Juliette’s forebear, Sir James Bacon, was the leading figure in the legal establishment of England throughout a great part of the 19th century. Appointed Vice Chancellor of England, and living for almost a century, he was widely known well beyond the legal profession, his obituary appearing in 1895 on the other side of the Atlantic, in the New York Times. His son would succeed him as a noted High Court judge. One of Sir James’ daughters, Lydia, was the grandmother of Rose Gordon-Clark, Juliette’s mother (see Rose & Henri ).

Sir James’ memoirs, discovered afresh by Juliette in the family papers 125 years after his death, and edited and published by her as The Recollections of Sir James Bacon, cast a lively and amusing light on the era, during a time of change as it approached the modernity of the 20th century. Sir James was celebrated as an unusually witty judge, one whose decisions were rarely challenged. His inspiring persona was all the more remarkable as he grew up in relatively humble circumstances, one of ten children, in Dickensian London, leaving school for work at the age of twelve, and ending up as one of the highest officials in the land.

Enterprising and talented, Sir James’ writings span his early journalism through his legal decisions and writings, to his position at the pinnacle of government. In addition to the legal world, he also chronicled the colourful procession of British society in the second half of the 19th century, through social and political crises, friends imprisoned for gambling debts, travels to Europe in an era of turmoil and reactionism, as well as the fascinating Britons he knew in this era of Oscar Wilde and George Bernard Shaw. This vivid account, published after more than a century in the family archives, is essential reading for anyone interested in the history of Britain, the evolution of its unparalleled legal tradition, and the extraordinary figures who made it possible.

The Princess, or The I Love Paris Ball

By Juliette de Marcellus

 

 

A deftly amusing satire on ‘high society’ in the 1960s, an era known for “the jet-set”, by experienced Palm Beach observer and noted author Juliette de Marcellus This short novel full of recognizable characters is funny in the way of a Peter Sellers movie, but it is more than that, in that it accurately exposes the cultural differences, affectations and pretensions of American and European society, both high and low, and everything in-between.

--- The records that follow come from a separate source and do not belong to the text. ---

lemma nonneg_supersolution_of_spectral_radius_less_1:
  fixes A :: "real mat"
  assumes A: "A \<in> carrier_mat n n" and nonneg: "\<And>i j. i < n \<Longrightarrow> j < n \<Longrightarrow> A $$ (i, j) \<ge> 0"
    and sr: "spectral_radius (map_mat complex_of_real A) < 1"
  obtains x where "\<And>i. i < n \<Longrightarrow> x i > 0"
    and "\<And>i. i < n \<Longrightarrow> (\<Sum>j = 0..<n. A $$ (i, j) * x j) \<le> x i - 1 / 2"
proof (cases "n = 0")
  case True then show ?thesis using that by auto
next
  case False
  then have n: "n > 0" by simp
  obtain N where N: "\<And>k i j. N \<le> k \<Longrightarrow> i < n \<Longrightarrow> j < n \<Longrightarrow> (A ^\<^sub>m k) $$ (i, j) \<le> 1 / (2 * real n)"
    using nonneg_pow_mat_entries_eventually_le[OF A nonneg sr, of "1 / (2 * real n)"] n by auto
  \<comment> \<open>x is a truncated Neumann series: the row sums of I + A + ... + A^N\<close>
  define y where "y k i = (\<Sum>l = 0..<n. (A ^\<^sub>m k) $$ (i, l))" for k i
  define x where "x i = (\<Sum>k<Suc N. y k i)" for i
  have y0: "y 0 i = 1" if "i < n" for i
    using that A by (simp add: y_def one_mat_def sum.delta' cong: if_cong)
  have y_nonneg: "y k i \<ge> 0" if "i < n" for k i
    unfolding y_def using pow_mat_nonneg[OF A nonneg] that by (intro sum_nonneg) auto
  have y_Suc_N: "y (Suc N) i \<le> 1 / 2" if i: "i < n" for i
  proof -
    have "y (Suc N) i \<le> (\<Sum>l = 0..<n. 1 / (2 * real n))"
      unfolding y_def using N[of "Suc N" i] i by (intro sum_mono) simp
    also have "\<dots> = 1 / 2" using n by simp
    finally show ?thesis .
  qed
  have y_Suc: "(\<Sum>j = 0..<n. A $$ (i, j) * y k j) = y (Suc k) i" if i: "i < n" for i k
  proof -
    have "(\<Sum>j = 0..<n. A $$ (i, j) * y k j) = (\<Sum>l = 0..<n. \<Sum>j = 0..<n. A $$ (i, j) * (A ^\<^sub>m k) $$ (j, l))"
      unfolding y_def sum_distrib_left by (rule sum.swap)
    also have "\<dots> = y (Suc k) i"
      unfolding y_def pow_mat_Suc_left[OF A] using A i by (intro sum.cong) (auto simp: scalar_prod_def)
    finally show ?thesis .
  qed
  show ?thesis
  proof (rule that)
    fix i assume i: "i < n"
    have "y 0 i \<le> x i" unfolding x_def using y_nonneg[OF i] by (intro member_le_sum) auto
    then show "x i > 0" using y0[OF i] by simp
  next
    fix i assume i: "i < n"
    have "(\<Sum>j = 0..<n. A $$ (i, j) * x j) = (\<Sum>k<Suc N. \<Sum>j = 0..<n. A $$ (i, j) * y k j)"
      unfolding x_def sum_distrib_left by (rule sum.swap)
    also have "\<dots> = (\<Sum>k<Suc N. y (Suc k) i)" using y_Suc[OF i] by simp
    also have "\<dots> = (\<Sum>k<Suc (Suc N). y k i) - y 0 i"
      by (subst sum.lessThan_Suc_shift) simp
    also have "\<dots> = x i + y (Suc N) i - y 0 i" unfolding x_def by simp
    also have "\<dots> \<le> x i - 1 / 2" using y0[OF i] y_Suc_N[OF i] by simp
    finally show "(\<Sum>j = 0..<n. A $$ (i, j) * x j) \<le> x i - 1 / 2" .
  qed
qed

lemma bij_betw_map_permutation:
  assumes bij: "bij_betw g A S"
  shows "bij_betw (map_permutation A g) {p. p permutes A} {q. q permutes S}"
proof (rule bij_betw_byWitness[where f' = "map_permutation S (inv_into A g)"])
  have bij': "bij_betw (inv_into A g) S A" using bij by (rule bij_betw_inv_into)
  show "\<forall>p\<in>{p. p permutes A}. map_permutation S (inv_into A g) (map_permutation A g p) = p"
    using bij by (auto intro: map_permutation_compose_inv simp: bij_betw_def)
  show "\<forall>q\<in>{q. q permutes S}. map_permutation A g (map_permutation S (inv_into A g) q) = q"
    using bij' bij by (auto intro: map_permutation_compose_inv simp: bij_betw_inv_into_right)
  show "map_permutation A g ` {p. p permutes A} \<subseteq> {q. q permutes S}"
    using map_permutation_permutes[OF bij] by auto
  show "map_permutation S (inv_into A g) ` {q. q permutes S} \<subseteq> {p. p permutes A}"
    using map_permutation_permutes[OF bij'] by auto
qed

When Texas oilman Sidney Schlatz finds he cannot launch his beautiful but shy daughter into the higher echelons of New York’s debutante scene, he decides to go over the heads of the snobbish doyennes of New York society and give a lavish international ball in Paris. However, the pitfalls in Paris are just as varied, unexpected, and intractable. The straight-shooting American businessman encounters a cross-section of European society that is every bit as difficult as any he met in New York. With unexpected consequences, his plan for the “I Love Paris Ball” combines characters from cultures totally incomprehensible to each other.

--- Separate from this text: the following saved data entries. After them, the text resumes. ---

locale relations_4p7 = group G for G (structure) +
  fixes x y z :: 'a and n :: nat
  assumes generators_closed [simp]: "x \<in> carrier G" "y \<in> carrier G" "z \<in> carrier G"
    and n_pos: "n > 0"
    and x_pow: "x [^] (2::nat) = \<one>"
    and y_pow: "y [^] (4::nat) = \<one>"
    and z_pow: "z [^] (4 * n) = \<one>"
    and xyz: "x \<otimes> y \<otimes> z = \<one>"
    and y_pow_z_pow: "y [^] (2::nat) \<otimes> z [^] (2 * n) = \<one>"

lemma (in group) relations_4p7_iff_relators:
  assumes "\<And>a. f a \<in> carrier G" "n > 0"
  shows "relations_4p7 G (f Gx) (f Gy) (f Gz) n \<longleftrightarrow> (\<forall>r \<in> relators_4p7 n. eval_word G f r = \<one>)"
  using assms
  by (simp add: relations_4p7_def relations_4p7_axioms_def relators_4p7_def group_axioms
      eval_word_append eval_word_replicate eval_letter_def m_assoc)

context relations_4p7
begin

lemma x_eq: "x = y \<otimes> z"
proof -
  have "x \<otimes> x = x \<otimes> (y \<otimes> z)"
    using x_pow xyz by (simp add: numeral_2_eq_2 m_assoc)
  then show ?thesis by simp
qed

lemma y_pow_two: "y [^] (2::nat) = z [^] (2 * n)"
proof -
  have "z [^] (2 * n) \<otimes> z [^] (2 * n) = z [^] (4 * n)"
    by (simp add: nat_pow_mult)
  with y_pow_z_pow z_pow have "y [^] (2::nat) \<otimes> z [^] (2 * n) = z [^] (2 * n) \<otimes> z [^] (2 * n)"
    by simp
  then show ?thesis by simp
qed

lemma z_mult_y: "z \<otimes> y = y \<otimes> z [^] (2 * n - 1)"
proof -
  obtain m where m: "2 * n = Suc m"
    using n_pos by (metis Suc_pred nat_0_less_mult_iff zero_less_numeral)
  have "y \<otimes> (z \<otimes> y \<otimes> z) = x \<otimes> x"
    by (simp add: x_eq m_assoc)
  also have "\<dots> = y [^] (2::nat) \<otimes> z [^] (2 * n)"
    using x_pow y_pow_z_pow by (simp add: numeral_2_eq_2)
  also have "\<dots> = y \<otimes> (y \<otimes> z [^] m \<otimes> z)"
    unfolding m by (simp add: numeral_2_eq_2 m_assoc)
  finally have "z \<otimes> y \<otimes> z = y \<otimes> z [^] m \<otimes> z"
    by simp
  moreover have "2 * n - 1 = m"
    using m by simp
  ultimately show ?thesis by simp
qed

definition normal_forms :: "'a set" where
  "normal_forms = (\<lambda>(e, a). y [^] e \<otimes> z [^] a) ` ({..<2::nat} \<times> {..<4 * n})"

lemma normal_forms_subset_carrier: "normal_forms \<subseteq> carrier G"
  by (auto simp: normal_forms_def)

lemma finite_normal_forms: "finite normal_forms"
  by (simp add: normal_forms_def)

lemma normal_form_mem:
  fixes e a :: nat
  assumes "e < 2"
  shows "y [^] e \<otimes> z [^] a \<in> normal_forms"
proof -
  have "z [^] a = z [^] (a mod (4 * n))"
    by (rule pow_mod_eq) (simp_all add: z_pow)
  moreover have "a mod (4 * n) < 4 * n"
    using n_pos by simp
  ultimately show ?thesis
    using assms unfolding normal_forms_def by force
qed

lemma y_mult_normal_forms:
  assumes "s \<in> normal_forms"
  shows "y \<otimes> s \<in> normal_forms"
proof -
  obtain e a :: nat where s: "s = y [^] e \<otimes> z [^] a" "e < 2"
    using assms by (auto simp: normal_forms_def)
  show ?thesis
  proof (cases "e = 0")
    case True
    with s show ?thesis using normal_form_mem[of 1 a] by simp
  next
    case False
    with s have "e = 1" by simp
    with s have "y \<otimes> s = y [^] (2::nat) \<otimes> z [^] a"
      by (simp add: numeral_2_eq_2 m_assoc)
    also have "\<dots> = z [^] (2 * n + a)"
      by (simp add: y_pow_two nat_pow_mult)
    finally show ?thesis
      using normal_form_mem[of 0 "2 * n + a"] by simp
  qed
qed

lemma z_mult_normal_forms:
  assumes "s \<in> normal_forms"
  shows "z \<otimes> s \<in> normal_forms"
proof -
  obtain e a :: nat where s: "s = y [^] e \<otimes> z [^] a" "e < 2"
    using assms by (auto simp: normal_forms_def)
  show ?thesis
  proof (cases "e = 0")
    case True
    with s show ?thesis
      using normal_form_mem[of 0 "1 + a"] nat_pow_mult[of z 1 a] by simp
  next
    case False
    with s have "e = 1" by simp
    with s have "z \<otimes> s = z \<otimes> y \<otimes> z [^] a"
      by (simp add: m_assoc)
    also have "\<dots> = y [^] (1::nat) \<otimes> z [^] (2 * n - 1 + a)"
      by (simp add: z_mult_y m_assoc nat_pow_mult)
    finally show ?thesis
      using normal_form_mem[of 1 "2 * n - 1 + a"] by simp
  qed
qed

lemma x_mult_normal_forms: "s \<in> normal_forms \<Longrightarrow> x \<otimes> s \<in> normal_forms"
  using normal_forms_subset_carrier
  by (auto simp: x_eq m_assoc y_mult_normal_forms z_mult_normal_forms)

lemma eval_word_in_normal_forms:
  assumes "f Gx = x" "f Gy = y" "f Gz = z"
  shows "eval_word G f w \<in> normal_forms"
proof (induction w)
  case Nil
  then show ?case using normal_form_mem[of 0 0] by simp
next
  case (Cons l w)
  have f: "f c \<in> carrier G" for c
    using assms by (cases c) simp_all
  have gen: "f c \<otimes> s \<in> normal_forms" if "s \<in> normal_forms" for c s
    using that assms
    by (cases c) (simp_all add: x_mult_normal_forms y_mult_normal_forms z_mult_normal_forms)
  have "inv (f c) \<otimes> s \<in> normal_forms" if "s \<in> normal_forms" for c s
    using finite_normal_forms normal_forms_subset_carrier f gen that
    by (rule inv_mult_closed_finite)
  with gen Cons.IH show ?case
    by (simp add: eval_letter_def)
qed

end

section \<open>Affine maps of the integers modulo m\<close>

definition aff_map :: "int \<Rightarrow> int \<Rightarrow> int \<Rightarrow> int \<Rightarrow> int" where
  "aff_map m u v = (\<lambda>t \<in> {0..<m}. (u * t + v) mod m)"

lemma aff_map_eq_iff:
  assumes "m > 1"
  shows "aff_map m u v = aff_map m u' v' \<longleftrightarrow> u mod m = u' mod m \<and> v mod m = v' mod m"
proof
  assume eq: "aff_map m u v = aff_map m u' v'"
  have "aff_map m u v 0 = aff_map m u' v' 0" "aff_map m u v 1 = aff_map m u' v' 1"
    using eq by simp_all
  then have "v mod m = v' mod m" "(u + v) mod m = (u' + v') mod m"
    using assms by (simp_all add: aff_map_def)
  then show "u mod m = u' mod m \<and> v mod m = v' mod m"
    by (metis add_diff_cancel_right' mod_diff_cong)
next
  assume "u mod m = u' mod m \<and> v mod m = v' mod m"
  then have "(u * t + v) mod m = (u' * t + v') mod m" for t
    by (intro mod_add_cong mod_mult_cong) simp_all
  then show "aff_map m u v = aff_map m u' v'"
    by (simp add: aff_map_def)
qed

lemma aff_map_Bij:
  assumes "m > 0" "coprime u m"
  shows "aff_map m u v \<in> Bij {0..<m}"
proof -
  have "inj_on (aff_map m u v) {0..<m}"
  proof (rule inj_onI)
    fix t t' assume t: "t \<in> {0..<m}" "t' \<in> {0..<m}" and "aff_map m u v t = aff_map m u v t'"
    then have "(u * t + v) mod m = (u * t' + v) mod m"
      by (simp add: aff_map_def)
    then have "m dvd u * (t - t')"
      by (simp add: mod_eq_dvd_iff algebra_simps)
    with assms(2) have "m dvd t - t'"
      by (simp add: coprime_dvd_mult_right_iff coprime_commute)
    with t show "t = t'"
      by (metis atLeastLessThan_iff mod_eq_dvd_iff mod_pos_pos_trivial)
  qed
  moreover have "aff_map m u v ` {0..<m} \<subseteq> {0..<m}"
    using assms(1) by (auto simp: aff_map_def)
  ultimately have "bij_betw (aff_map m u v) {0..<m} {0..<m}"
    by (simp add: bij_betw_def endo_inj_surj)
  then show ?thesis
    by (simp add: Bij_def aff_map_def)
qed

lemma aff_map_mult:
  assumes "m > 0" "coprime u m" "coprime u' m"
  shows "aff_map m u v \<otimes>\<^bsub>BijGroup {0..<m}\<^esub> aff_map m u' v' = aff_map m (u * u') (u * v' + v)"
proof -
  have "(u * ((u' * t + v') mod m) + v) mod m = (u * u' * t + (u * v' + v)) mod m" for t
  proof -
    have "(u * ((u' * t + v') mod m) + v) mod m = (u * (u' * t + v') + v) mod m"
      by (metis mod_add_left_eq mod_mult_right_eq)
    then show ?thesis by (simp add: algebra_simps)
  qed
  moreover have "(u' * t + v') mod m \<in> {0..<m}" for t
    using assms(1) by simp
  ultimately show ?thesis
    using assms aff_map_Bij by (auto simp: BijGroup_def compose_def aff_map_def fun_eq_iff)
qed

lemma aff_map_one: "m > 0 \<Longrightarrow> \<one>\<^bsub>BijGroup {0..<m}\<^esub> = aff_map m 1 0"
  by (auto simp: BijGroup_def aff_map_def fun_eq_iff)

Among them are would-be movie star Tina, Hollywood producer Sam Kraznik, a handsome but aimless European royal prince, the pleasant but inconsequential high-life seeker Clarky Finch III, a “trust-fund baby” forever trying to find out where ‘the party’ is, an imposing but financially embarrassed French duke fleeing his country’s tax man, a bad 1960s British rock band, a questionable arms dealer, a charming heroine, and, most genuine of all, the eccentric denizens of a small village in Normandy, straight out of a French Fellini movie. There is also the destiny-changing presence of a little Pekinese dog who makes all the humans seem silly.